Authorspeak - Arthi Anand Navaneeth ( Interview with author Arthi Anand Navaneeth )
Arthi Anand Navaneeth is a mother of two, wife to one, a professional with a fragrance MNC and an author. Have you seen this? and Ranganna are her picture books published by Tulika. She also is the creator of Mister Muthu for Chandamama, a children’s book reviewer at Saffron Tree and a weekend storyteller.
She has conducted various events in bookstores, NGOs, schools, libraries and other events and establishments such as Kitschdii, Timri, Hamleys, Hundred Hands, Sunday Soul Santhe, Bookalore, Neralu and Cubs of Cubbon to name a few. She also volunteers through Samilksha for the Kidwai Cancer Kids unit and Anand Vidyalaya for Ejjipura slum kids.
The Rabbit Hole in conversation with Arthi Anand Navaneeth
- Tell us a little about yourself and your background?
I am a mother of two, wife to one, working the corporate life with a fragrance MNC and living it up with travel,home decor,books and stories.
- How did Arts Tales and writing come up?
All of us are storytellers and as a parent, that role acquires prominence. I was a mommy blogger and one of my stories got spotted and Mister Muthu went on to become a monthly serial story with Chandamama. Then Tulika published my first book Have you seen this? During the launch events, I realised I loved kids and storytelling. Ranganna followed soon and‘Arts Tales with Arthi Anand’ took off and there was no looking back.
- Your first book was "Have you seen this?" What inspired you to start writing and how did the first book happen?

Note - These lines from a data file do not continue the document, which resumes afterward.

text \<open>
  The maps \<open>\<phi>\<^sup>\<exists>\<close> and \<open>\<phi>\<^sup>\<forall>\<close> form an \<open>L\<close>-enriched Galois connection, so the
  closure \<open>\<phi>\<^sup>\<forall>\<phi>\<^sup>\<exists>\<close> is extensive, idempotent and \<open>L\<close>-monotone, with fixed points \<open>\<K>\<phi>\<close>.
  Hence \<open>L\<^sup>X(\<phi>\<^sup>\<forall>\<phi>\<^sup>\<exists>\<mu>, \<nu>) = L\<^sup>X(\<mu>, \<nu>)\<close> for every closed \<open>\<nu>\<close>, and each adjunction of
  the theorem is an instance of this identity. Two observations relate the contexts: the
  closure for fewer attributes \<open>Y' \<subseteq> Y\<close> is an infimum over fewer constraints, so
  \<open>Y'\<close>-closed maps are \<open>Y\<close>-closed; and extension by \<open>0\<close> leaves \<open>\<phi>\<^sup>\<exists>\<close> unchanged, so the
  \<open>X\<close>-closure of the extension of \<open>\<mu>'\<close> agrees on \<open>X'\<close> with the \<open>X'\<close>-closure of \<open>\<mu>'\<close>.
\<close>

locale residuated =
  fixes mult imp :: "'l::complete_lattice \<Rightarrow> 'l \<Rightarrow> 'l"
  assumes mult_commute: "mult a b = mult b a"
    and mult_assoc: "mult (mult a b) c = mult a (mult b c)"
    and residuation: "mult a b \<le> c \<longleftrightarrow> a \<le> imp b c"
begin

lemma mult_left_mono: "b \<le> c \<Longrightarrow> mult b a \<le> mult c a"
  by (meson order_refl order_trans residuation)

lemma mult_right_mono: "b \<le> c \<Longrightarrow> mult a b \<le> mult a c"
  using mult_left_mono mult_commute by metis

lemma imp_right_mono: "b \<le> c \<Longrightarrow> imp a b \<le> imp a c"
  by (meson order_refl order_trans residuation)

lemma mult_bot_left: "mult bot a = bot"
  using residuation[of bot a bot] by (simp add: bot_unique)

lemma Sup_mult_le_iff: "mult (Sup B) a \<le> c \<longleftrightarrow> (\<forall>b\<in>B. mult b a \<le> c)"
  by (simp add: residuation Sup_le_iff)

lemma le_Lord_iff: "a \<le> Lord imp X \<mu> \<nu> \<longleftrightarrow> (\<forall>x\<in>X. mult a (\<mu> x) \<le> \<nu> x)"
  unfolding Lord_def by (simp add: le_INF_iff residuation)

lemma Lord_mult_le: "x \<in> X \<Longrightarrow> mult (Lord imp X \<mu> \<nu>) (\<mu> x) \<le> \<nu> x"
  using le_Lord_iff[of "Lord imp X \<mu> \<nu>" X \<mu> \<nu>] by simp

lemma Lord_cong:
  "(\<And>x. x \<in> X \<Longrightarrow> \<mu> x = \<mu>' x) \<Longrightarrow> (\<And>x. x \<in> X \<Longrightarrow> \<nu> x = \<nu>' x)
    \<Longrightarrow> Lord imp X \<mu> \<nu> = Lord imp X \<mu>' \<nu>'"
  unfolding Lord_def by (rule INF_cong) auto

lemma Lord_antimono_left:
  "(\<And>x. x \<in> X \<Longrightarrow> \<mu> x \<le> \<mu>' x) \<Longrightarrow> Lord imp X \<mu>' \<nu> \<le> Lord imp X \<mu> \<nu>"
  by (simp add: le_Lord_iff) (meson Lord_mult_le mult_right_mono order_trans)

lemma Lord_subset: "X' \<subseteq> X \<Longrightarrow> Lord imp X \<mu> \<nu> \<le> Lord imp X' \<mu> \<nu>"
  unfolding Lord_def by (rule INF_superset_mono) auto

lemma Lord_restr: "X' \<subseteq> X \<Longrightarrow> Lord imp X \<mu> \<nu> \<le> Lord imp X' (restr X' \<mu>) (restr X' \<nu>)"
  using Lord_subset[of X' X \<mu> \<nu>] Lord_cong[of X' \<mu> "restr X' \<mu>" \<nu> "restr X' \<nu>"]
  by (simp add: restr_def)

lemma Lord_ext0:
  assumes "X' \<subseteq> X"
  shows "Lord imp X (ext0 X' \<mu>) \<nu> = Lord imp X' \<mu> \<nu>"
proof (rule order.antisym)
  have "mult (Lord imp X (ext0 X' \<mu>) \<nu>) (ext0 X' \<mu> x) \<le> \<nu> x" if "x \<in> X'" for x
    using that assms by (intro Lord_mult_le) auto
  then show "Lord imp X (ext0 X' \<mu>) \<nu> \<le> Lord imp X' \<mu> \<nu>"
    by (simp add: le_Lord_iff ext0_def)
  show "Lord imp X' \<mu> \<nu> \<le> Lord imp X (ext0 X' \<mu>) \<nu>"
    by (auto simp: le_Lord_iff ext0_def mult_commute[of _ bot] mult_bot_left intro: Lord_mult_le)
qed

lemma Lord_phi_ex:
  "Lord imp X \<mu> \<mu>' \<le> Lord imp Y (phi_ex mult X Y \<phi> \<mu>) (phi_ex mult X Y \<phi> \<mu>')"
proof -
  let ?a = "Lord imp X \<mu> \<mu>'"
  have "mult (mult (\<mu> x) (\<phi> x y)) ?a \<le> phi_ex mult X Y \<phi> \<mu>' y" if "x \<in> X" "y \<in> Y" for x y
  proof -
    have "mult (mult (\<mu> x) (\<phi> x y)) ?a = mult (mult ?a (\<mu> x)) (\<phi> x y)"
      by (metis mult_assoc mult_commute)
    also have "\<dots> \<le> mult (\<mu>' x) (\<phi> x y)"
      using that by (intro mult_left_mono Lord_mult_le)
    also have "\<dots> \<le> phi_ex mult X Y \<phi> \<mu>' y"
      using that by (auto simp: phi_ex_def intro: SUP_upper)
    finally show ?thesis .
  qed
  then show ?thesis
    by (auto simp: le_Lord_iff phi_ex_def mult_commute[of ?a] Sup_mult_le_iff)
qed
(* Let $m$ be a positive integer and $n$ an integer with $\frac{3^{m-1}+1}{2}\le n\le\frac{3^m-1}{2}$ (so feasible partitions of $n$ have $m$ parts). (a) If $\frac{3^{m-1}+1}{2}\le n\le \frac{3^{m-1}+1}{2}+3^{m-2}$, then the smallest and largest values of $R_{m-1}$ over all feasible partitions of $n$ are $\left\lceil\frac{n-1}{3}\right\rceil$ and $\left\lfloor\frac{2n+3^{m-2}-1}{4}\right\rfloor$, respectively; that is, the range of $R_{m-1}$ is $\left\lceil\frac{n-1}{3}\right\rceil\le R_{m-1}\le\left\lfloor\frac{2n+3^{m-2}-1}{4}\right\rfloor$. (b) If $\frac{3^{m-1}+1}{2}+3^{m-2}+1\le n\le\frac{3^m-1}{2}$, then the range of $R_{m-1}$ over all feasible partitions of $n$ is $\left\lceil\frac{n-1}{3}\right\rceil\le R_{m-1}\le\frac{3^{m-1}-1}{2}$, with both bounds attained.
   Context: A weighing partition of a positive integer $n$ is a multiset of positive integers summing to $n$ such that every integer $\ell$ with $1\le\ell\le n$ is a sum $\sum_j u_jw_j$ with $u_j\in\{-1,0,1\}$. A feasible partition of $n$ is a weighing partition of $n$ whose number of parts $m$ is minimal among all weighing partitions of $n$, written $w_1\le\dots\le w_m$. For such a partition, $R_i=w_1+\dots+w_i$ with $R_0=0$; in particular $R_{m-1}=n-w_m$. *)

theory Defs
  imports Complex_Main "HOL-Library.Multiset"
begin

HYST was a conversation between my then six year old daughter and me. We were coming up with a topsy turvy world and had great fun teasing our brains to outwit each other. Our conversation, once edited by the Tulika team and quirkily illustrated by Roomani , turned into HYST.
- What inspired Ranganna? How did you come up with the character and the the idea of an elephant wearing nail polish?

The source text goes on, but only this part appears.